Лето | страница 39



- Врёшь! - воет старик, так что его вёрст на пять кругом слышно. Человек он жидкий и треплется в окне, как лохмотья на огородном пугале в ненастный, ветреный день.

- Народ! Кого слушаете? Хватай его! Зови стражника, Марья! Мокей! Сашка - сюда!

Народ молчит, у избы Астахова все стоят угрюмо, как осенняя туча, две трети села в кабале у Кузьмы, и в любой день он любого человека может по миру пустить. Только старуха Лаптева, не разгибая спины и странно закинув голову вверх, что-то неслышно шепчет, и трётся в толпе Савелий, сверкая глазами, хрипит, кашляет, дёргает людей за локти, поджигая сухие, со зла, души.

Они, Астаховы, впятером жизнь тянут: Кузьма со старухой, Марья и сын с женой. Сын Мокей глух и от этого поглупел, человек невидимый и бессловесный. Марья, дочь, вдова, женщина дебелая, в соку, тайно добрая и очень слаба к молодым парням - все астаховские работники с нею живут, это уж в обычае. Надо всеми, как петух на коньке крыши, сам ядовитый старичок Кузьма Ильич - его боится и семья и деревня.

- Православные! - трубит солдат, указывая кулаком в окно. - Это вот для них, богатеев, гоняют нас вокруг земли, ради их льётся мужицкая кровь...

- Не подступиться к нему! - соображает Алёша, стоя рядом со мной. И беспомощно оглядывается.

- Для того, чтобы они ежедень жрали щи с убоиной...

Савелий медленно сбоку подвигается ближе к окну, а в руках у него палка.

- Ой, дьявол! - шепчет Алёша и, побледнев, бросается к больному.

А Кузьма, высунувшись до пояса, режет воздух диким визгом:

- Аа-а-а-а! Вот оно, вот слова! Ну, Мишка, кончена твоя жизнь! Каторга тебе, а-а-а! Народ! Которые слышали - держи его! Измена! Россия, кто понял, держи его! Против России сказано! Вот - этот человек против России...

Но тут народ хохочет - всем ясно, что старик пустил слово огромное и неуместное в его душе.

- Ну-ка, ещё двинь про Россею-то, Кузьма Ильич! - задорит кто-то старика.

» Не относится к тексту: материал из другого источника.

(* Let $k\ge 3$, let $w$ be a word over $\Sigma=\{a,b\}$, and let $j\ge k$ be a forbidden position in $w$ with respect to $S_k$. Then the position $j-k$ is forbidden in $w$ with respect to $S_k$ if and only if either $j-1$ is forbidden in $w$ or $w[j-k+1..j-1]\in\{a^{k-1},b^{k-1}\}$.
   Context: $\Sigma=\{a,b\}$. For $k\ge 3$, $S_k=\left(\Sigma^k\setminus\{ba^{k-1},b^{k-1}a\}\right)\cup\left(\Sigma^{k-1}\setminus\{a^{k-1},b^{k-1}\}\right)$. For a set $S$ of words, $\mathit{Pref}(S^* )$ is the set of all prefixes (including the empty word) of words in $S^*$. For a word $w=w_1\cdots w_n$ and indices $i,j$, $w[i..j]=w_iw_{i+1}\cdots w_j$ if $i\le j$ and the empty word if $i>j$. A position $j$ with $0\le j\le n-1$ is forbidden in $w$ (with respect to $S_k$) if $w[j+1..n]\notin\mathit{Pref}(S_k^* )$, i.e. the suffix of $w$ obtained by deleting the first $j$ letters is not a prefix of any word in $S_k^*$. *)

theory Defs
  imports Main
begin

datatype sigma = a | b

type_synonym word = "sigma list"

definition S :: "nat \<Rightarrow> word set" where
  "S k = ({u. length u = k} - {b # replicate (k - 1) a, replicate (k - 1) b @ [a]})
       \<union> ({u. length u = k - 1} - {replicate (k - 1) a, replicate (k - 1) b})"

definition star :: "word set \<Rightarrow> word set" where
  "star L = {concat ws | ws. set ws \<subseteq> L}"

definition Pref :: "word set \<Rightarrow> word set" where
  "Pref L = {u. \<exists>v. u @ v \<in> L}"

text \<open>Position j (0 <= j <= n-1) is forbidden in w w.r.t. S_k iff the suffix of w obtained
  by deleting the first j letters, i.e. w[j+1..n], is not in Pref(S_k^*).\<close>
definition forbidden :: "nat \<Rightarrow> word \<Rightarrow> nat \<Rightarrow> bool" where
  "forbidden k w j \<longleftrightarrow> j < length w \<and> drop j w \<notin> Pref (star (S k))"

text \<open>Factor w[i..j] with 1-based indices (empty if i > j).\<close>
definition factor :: "word \<Rightarrow> nat \<Rightarrow> nat \<Rightarrow> word" where
  "factor w i j = take (j + 1 - i) (drop (i - 1) w)"

end

theory Submission
  imports Defs
begin

(* Write P = Pref(S_k^* ), and for a forbidden position j >= k split the
   suffix of w starting after position j-k as  x @ c # v  with  x = w[j-k+1..j-1]
   (of length k-1),  c = w_j  and  v = w[j+1..n] \<notin> P.  Since every word of S_k has
   length k or k-1, a factorisation of  x @ c # v  into a first block of S_k and a
   word of P must cut after x (length k-1) or after x @ [c] (length k); the latter is
   impossible because v \<notin> P.  Hence  x @ c # v \<in> P  iff  c # v \<in> P  and  x \<in> S_k,
   and a word of length k-1 lies in S_k exactly when it is not a^(k-1) or b^(k-1). *)

lemma Nil_in_Pref_star: "[] \<in> Pref (star L)"
  unfolding Pref_def star_def by (auto intro!: exI[of _ "[]"])

lemma Pref_star_prepend:
  assumes "s \<in> L" and "y \<in> Pref (star L)"
  shows "s @ y \<in> Pref (star L)"
proof -
  obtain v ws where "y @ v = concat ws" and "set ws \<subseteq> L"
    using assms(2) unfolding Pref_def star_def by auto
  then have "(s @ y) @ v = concat (s # ws)" and "set (s # ws) \<subseteq> L"
    using assms(1) by auto
  then show ?thesis unfolding Pref_def star_def by blast
qed

lemma Pref_star_split:
  assumes "u \<in> Pref (star L)" and "u \<noteq> []" and "\<forall>s\<in>L. length s \<le> length u"
  shows "\<exists>s y. s \<in> L \<and> u = s @ y \<and> y \<in> Pref (star L)"
proof -
  obtain v ws where cat: "u @ v = concat ws" and ws: "set ws \<subseteq> L"
    using assms(1) unfolding Pref_def star_def by auto
  then obtain s ws' where ws_eq: "ws = s # ws'"
    using assms(2) by (cases ws) auto
  have s: "s \<in> L" and ws': "set ws' \<subseteq> L" using ws ws_eq by auto
  have cat': "u @ v = s @ concat ws'" using cat ws_eq by simp
  have len: "length s \<le> length u" using assms(3) s by blast
  then have "take (length s) u = s"
    using arg_cong[OF cat', of "take (length s)"] by simp
  then have "u = s @ drop (length s) u" by (metis append_take_drop_id)
  moreover have "drop (length s) u @ v = concat ws'"
    using arg_cong[OF cat', of "drop (length s)"] len by simp
  ultimately show ?thesis using s ws' unfolding Pref_def star_def by blast
qed

lemma S_length: "s \<in> S k \<Longrightarrow> length s = k \<or> length s = k - 1"
  unfolding S_def by auto

lemma S_short_iff:
  assumes "k \<ge> 1" and "length x = k - 1"
  shows "x \<in> S k \<longleftrightarrow> x \<notin> {replicate (k - 1) a, replicate (k - 1) b}"
  using assms unfolding S_def by auto

lemma Pref_S_step:
  assumes "k \<ge> 1" and "length x = k - 1" and "v \<notin> Pref (star (S k))"
  shows "x @ c # v \<in> Pref (star (S k)) \<longleftrightarrow> c # v \<in> Pref (star (S k)) \<and> x \<in> S k"
proof
  assume "c # v \<in> Pref (star (S k)) \<and> x \<in> S k"
  then show "x @ c # v \<in> Pref (star (S k))" using Pref_star_prepend by blast
next
  assume xcv: "x @ c # v \<in> Pref (star (S k))"
  have "v \<noteq> []" using assms(3) Nil_in_Pref_star by metis
  then have "\<forall>s\<in>S k. length s \<le> length (x @ c # v)"
    using assms(1,2) S_length by fastforce
  then obtain s y where s: "s \<in> S k" and split: "x @ c # v = s @ y"
      and y: "y \<in> Pref (star (S k))"
    using Pref_star_split[OF xcv] by blast
  from S_length[OF s] show "c # v \<in> Pref (star (S k)) \<and> x \<in> S k"
  proof
    assume "length s = k"
    then have "y = v"
      using arg_cong[OF split, of "drop k"] assms(1,2) by simp
    then show ?thesis using y assms(3) by simp
  qed (use split assms(2) s y in \<open>auto simp: append_eq_append_conv_if\<close>)
qed

lemma drop_factor_decomp:
  assumes "1 \<le> k" and "k \<le> j" and "j < length w"
  shows "length (factor w (j - k + 1) (j - 1)) = k - 1"
    and "drop (j - 1) w = w ! (j - 1) # drop j w"
    and "drop (j - k) w = factor w (j - k + 1) (j - 1) @ drop (j - 1) w"
proof -
  have fac: "factor w (j - k + 1) (j - 1) = take (k - 1) (drop (j - k) w)"
    unfolding factor_def using assms(1,2) by (simp add: Suc_diff_le)
  then show "length (factor w (j - k + 1) (j - 1)) = k - 1" using assms by simp
  show "drop (j - 1) w = w ! (j - 1) # drop j w"
  proof -
    have "j - 1 < length w" and "Suc (j - 1) = j" using assms by auto
    then show ?thesis by (metis Cons_nth_drop_Suc)
  qed
  have "drop (k - 1) (drop (j - k) w) = drop (j - 1) w" using assms(1,2) by simp
  then show "drop (j - k) w = factor w (j - k + 1) (j - 1) @ drop (j - 1) w"
    using fac append_take_drop_id by metis
qed

theorem lemma1:
  fixes k j :: nat and w :: word
  assumes "k \<ge> 3" and "j \<ge> k" and "forbidden k w j"
  shows "forbidden k w (j - k) \<longleftrightarrow>
           (forbidden k w (j - 1) \<or>
            factor w (j - k + 1) (j - 1) \<in> {replicate (k - 1) a, replicate (k - 1) b})"
proof -
  define x where "x = factor w (j - k + 1) (j - 1)"
  have j: "j < length w" and v: "drop j w \<notin> Pref (star (S k))"
    using assms(3) unfolding forbidden_def by auto
  have k1: "1 \<le> k" using assms(1) by simp
  note decomp = drop_factor_decomp[OF k1 assms(2) j, folded x_def]
  have "forbidden k w (j - k) \<longleftrightarrow> x @ w ! (j - 1) # drop j w \<notin> Pref (star (S k))"
    using j decomp(2,3) unfolding forbidden_def by auto
  also have "\<dots> \<longleftrightarrow> w ! (j - 1) # drop j w \<notin> Pref (star (S k)) \<or> x \<notin> S k"
    using Pref_S_step[OF k1 decomp(1) v] by blast
  also have "\<dots> \<longleftrightarrow> forbidden k w (j - 1) \<or> x \<in> {replicate (k - 1) a, replicate (k - 1) b}"
    using j decomp(2) S_short_iff[OF k1 decomp(1)] unfolding forbidden_def by auto
  finally show ?thesis unfolding x_def .
qed

end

- А ты бы, Гнедок, Россею-то не шевелил!

- Укрепляй, Кузьма, Россею!

- Астахов поддержит, он жилистый!

А старик всё кричит и кричит шальные слова, и они носятся в воздухе, как летучие мыши.

Из ворот выплывает тёмным облаком заспанный, тяжёлый стражник, лениво подходит к солдату, люди нехотя раздвигаются, и вот остался Гнедой один, только старуха Лаптева с шапкой в руках стоит у него за спиной.

- У меня крест есть! - кричит солдат, топая ногами.

- Брось орать! - хмуро говорит стражник.

Гнедой отмахивается:

- Отстань!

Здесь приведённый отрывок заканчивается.